__Exercise description__
The line with "(\<forall>j<8. inj_on (\<lambda>i.", the line with "(\<lambda>(i, j, s).", and all lines between them in the material below: return these exactly, and no others.

__Given records__
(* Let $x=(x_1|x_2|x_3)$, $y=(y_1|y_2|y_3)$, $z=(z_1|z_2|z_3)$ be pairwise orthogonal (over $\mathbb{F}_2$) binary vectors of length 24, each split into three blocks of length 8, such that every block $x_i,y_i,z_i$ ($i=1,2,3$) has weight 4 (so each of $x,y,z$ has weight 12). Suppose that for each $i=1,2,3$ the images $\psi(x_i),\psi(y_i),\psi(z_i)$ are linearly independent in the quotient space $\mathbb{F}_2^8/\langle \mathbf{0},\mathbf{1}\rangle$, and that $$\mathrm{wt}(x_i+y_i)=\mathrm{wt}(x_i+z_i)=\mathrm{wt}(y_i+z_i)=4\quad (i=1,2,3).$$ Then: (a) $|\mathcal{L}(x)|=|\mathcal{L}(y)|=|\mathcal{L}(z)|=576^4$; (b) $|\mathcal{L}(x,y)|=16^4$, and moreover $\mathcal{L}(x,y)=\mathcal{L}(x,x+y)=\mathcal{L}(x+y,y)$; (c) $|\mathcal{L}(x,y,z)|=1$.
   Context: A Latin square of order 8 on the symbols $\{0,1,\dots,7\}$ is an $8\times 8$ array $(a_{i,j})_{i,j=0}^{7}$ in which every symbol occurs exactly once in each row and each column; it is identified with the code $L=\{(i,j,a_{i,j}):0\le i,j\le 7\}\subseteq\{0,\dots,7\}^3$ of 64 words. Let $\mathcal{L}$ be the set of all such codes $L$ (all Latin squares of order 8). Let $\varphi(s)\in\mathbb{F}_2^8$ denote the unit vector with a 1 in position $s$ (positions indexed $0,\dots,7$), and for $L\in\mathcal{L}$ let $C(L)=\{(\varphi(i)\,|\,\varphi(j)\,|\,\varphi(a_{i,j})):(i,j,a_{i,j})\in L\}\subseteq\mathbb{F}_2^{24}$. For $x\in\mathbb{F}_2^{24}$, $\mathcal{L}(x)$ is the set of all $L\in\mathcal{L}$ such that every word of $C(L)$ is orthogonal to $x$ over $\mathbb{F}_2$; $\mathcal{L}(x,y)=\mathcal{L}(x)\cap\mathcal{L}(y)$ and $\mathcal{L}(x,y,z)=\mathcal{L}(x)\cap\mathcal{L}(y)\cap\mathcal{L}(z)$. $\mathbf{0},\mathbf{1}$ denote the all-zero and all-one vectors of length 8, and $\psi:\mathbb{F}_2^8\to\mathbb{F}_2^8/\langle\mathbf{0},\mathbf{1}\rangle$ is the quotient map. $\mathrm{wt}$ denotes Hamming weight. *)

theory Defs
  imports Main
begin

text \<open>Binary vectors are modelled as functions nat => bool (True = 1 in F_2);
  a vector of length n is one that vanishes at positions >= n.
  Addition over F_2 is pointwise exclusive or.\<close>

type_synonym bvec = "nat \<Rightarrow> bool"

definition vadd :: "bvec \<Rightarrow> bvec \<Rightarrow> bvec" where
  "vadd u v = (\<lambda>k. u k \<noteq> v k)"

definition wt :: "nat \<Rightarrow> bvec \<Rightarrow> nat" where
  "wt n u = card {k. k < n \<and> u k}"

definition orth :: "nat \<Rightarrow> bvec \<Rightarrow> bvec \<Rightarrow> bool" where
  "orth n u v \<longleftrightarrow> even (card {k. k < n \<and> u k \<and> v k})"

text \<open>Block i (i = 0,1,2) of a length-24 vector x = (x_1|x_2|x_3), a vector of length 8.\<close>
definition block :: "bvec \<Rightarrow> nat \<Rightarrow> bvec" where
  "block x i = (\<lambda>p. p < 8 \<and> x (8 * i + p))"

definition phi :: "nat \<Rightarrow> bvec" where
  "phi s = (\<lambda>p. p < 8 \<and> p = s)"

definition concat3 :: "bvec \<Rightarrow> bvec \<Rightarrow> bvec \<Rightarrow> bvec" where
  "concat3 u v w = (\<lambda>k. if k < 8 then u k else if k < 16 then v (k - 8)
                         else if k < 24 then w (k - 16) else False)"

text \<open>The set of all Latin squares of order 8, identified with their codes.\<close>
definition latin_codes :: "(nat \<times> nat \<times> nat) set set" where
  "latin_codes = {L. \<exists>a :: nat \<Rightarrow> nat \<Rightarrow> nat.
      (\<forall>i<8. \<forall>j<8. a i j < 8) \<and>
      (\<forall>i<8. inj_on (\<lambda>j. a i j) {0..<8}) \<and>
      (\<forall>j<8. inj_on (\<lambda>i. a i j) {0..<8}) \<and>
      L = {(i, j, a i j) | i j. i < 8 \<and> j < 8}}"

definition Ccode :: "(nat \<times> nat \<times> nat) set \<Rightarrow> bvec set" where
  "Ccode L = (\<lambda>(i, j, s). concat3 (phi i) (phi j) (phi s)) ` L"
...
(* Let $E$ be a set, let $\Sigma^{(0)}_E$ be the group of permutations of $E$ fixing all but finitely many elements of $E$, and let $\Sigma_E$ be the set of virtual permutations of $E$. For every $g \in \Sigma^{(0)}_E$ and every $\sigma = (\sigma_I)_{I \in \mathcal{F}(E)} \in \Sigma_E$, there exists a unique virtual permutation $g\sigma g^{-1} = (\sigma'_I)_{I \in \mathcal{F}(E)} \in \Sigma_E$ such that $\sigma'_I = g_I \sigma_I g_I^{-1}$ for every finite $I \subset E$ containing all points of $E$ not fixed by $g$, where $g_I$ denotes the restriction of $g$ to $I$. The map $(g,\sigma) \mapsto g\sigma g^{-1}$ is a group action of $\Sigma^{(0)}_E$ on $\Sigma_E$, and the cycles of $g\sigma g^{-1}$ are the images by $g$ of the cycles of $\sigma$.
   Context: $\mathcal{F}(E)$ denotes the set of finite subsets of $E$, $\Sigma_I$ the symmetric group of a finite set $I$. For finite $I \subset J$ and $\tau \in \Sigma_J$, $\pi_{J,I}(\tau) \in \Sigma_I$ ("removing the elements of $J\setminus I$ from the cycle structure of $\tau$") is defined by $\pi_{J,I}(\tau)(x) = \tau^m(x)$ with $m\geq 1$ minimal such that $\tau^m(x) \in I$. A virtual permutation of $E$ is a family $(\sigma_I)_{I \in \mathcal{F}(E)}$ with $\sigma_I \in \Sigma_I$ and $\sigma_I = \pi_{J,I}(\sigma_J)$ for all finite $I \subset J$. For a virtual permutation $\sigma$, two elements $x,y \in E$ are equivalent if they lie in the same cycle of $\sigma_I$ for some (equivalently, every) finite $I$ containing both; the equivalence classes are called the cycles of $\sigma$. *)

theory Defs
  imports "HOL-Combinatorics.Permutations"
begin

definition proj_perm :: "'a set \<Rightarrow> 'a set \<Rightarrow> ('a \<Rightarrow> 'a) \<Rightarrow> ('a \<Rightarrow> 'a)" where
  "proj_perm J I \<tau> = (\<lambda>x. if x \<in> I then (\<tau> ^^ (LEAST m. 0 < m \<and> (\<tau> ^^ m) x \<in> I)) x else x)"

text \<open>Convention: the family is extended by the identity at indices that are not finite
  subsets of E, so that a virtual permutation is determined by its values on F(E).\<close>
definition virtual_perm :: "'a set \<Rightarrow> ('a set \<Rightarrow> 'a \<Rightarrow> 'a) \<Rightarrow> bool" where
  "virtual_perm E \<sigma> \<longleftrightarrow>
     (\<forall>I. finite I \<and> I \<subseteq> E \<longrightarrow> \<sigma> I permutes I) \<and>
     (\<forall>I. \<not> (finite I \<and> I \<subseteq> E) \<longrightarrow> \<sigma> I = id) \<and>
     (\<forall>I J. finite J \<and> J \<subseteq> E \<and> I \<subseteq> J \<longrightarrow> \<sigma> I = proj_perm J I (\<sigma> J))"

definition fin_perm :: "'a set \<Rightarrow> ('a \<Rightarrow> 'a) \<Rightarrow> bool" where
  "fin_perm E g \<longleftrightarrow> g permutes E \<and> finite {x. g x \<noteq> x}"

__Written response__
      (\<forall>j<8. inj_on (\<lambda>i. a i j) {0..<8}) \<and>
      L = {(i, j, a i j) | i j. i < 8 \<and> j < 8}}"

definition Ccode :: "(nat \<times> nat \<times> nat) set \<Rightarrow> bvec set" where
  "Ccode L = (\<lambda>(i, j, s). concat3 (phi i) (phi j) (phi s)) ` L"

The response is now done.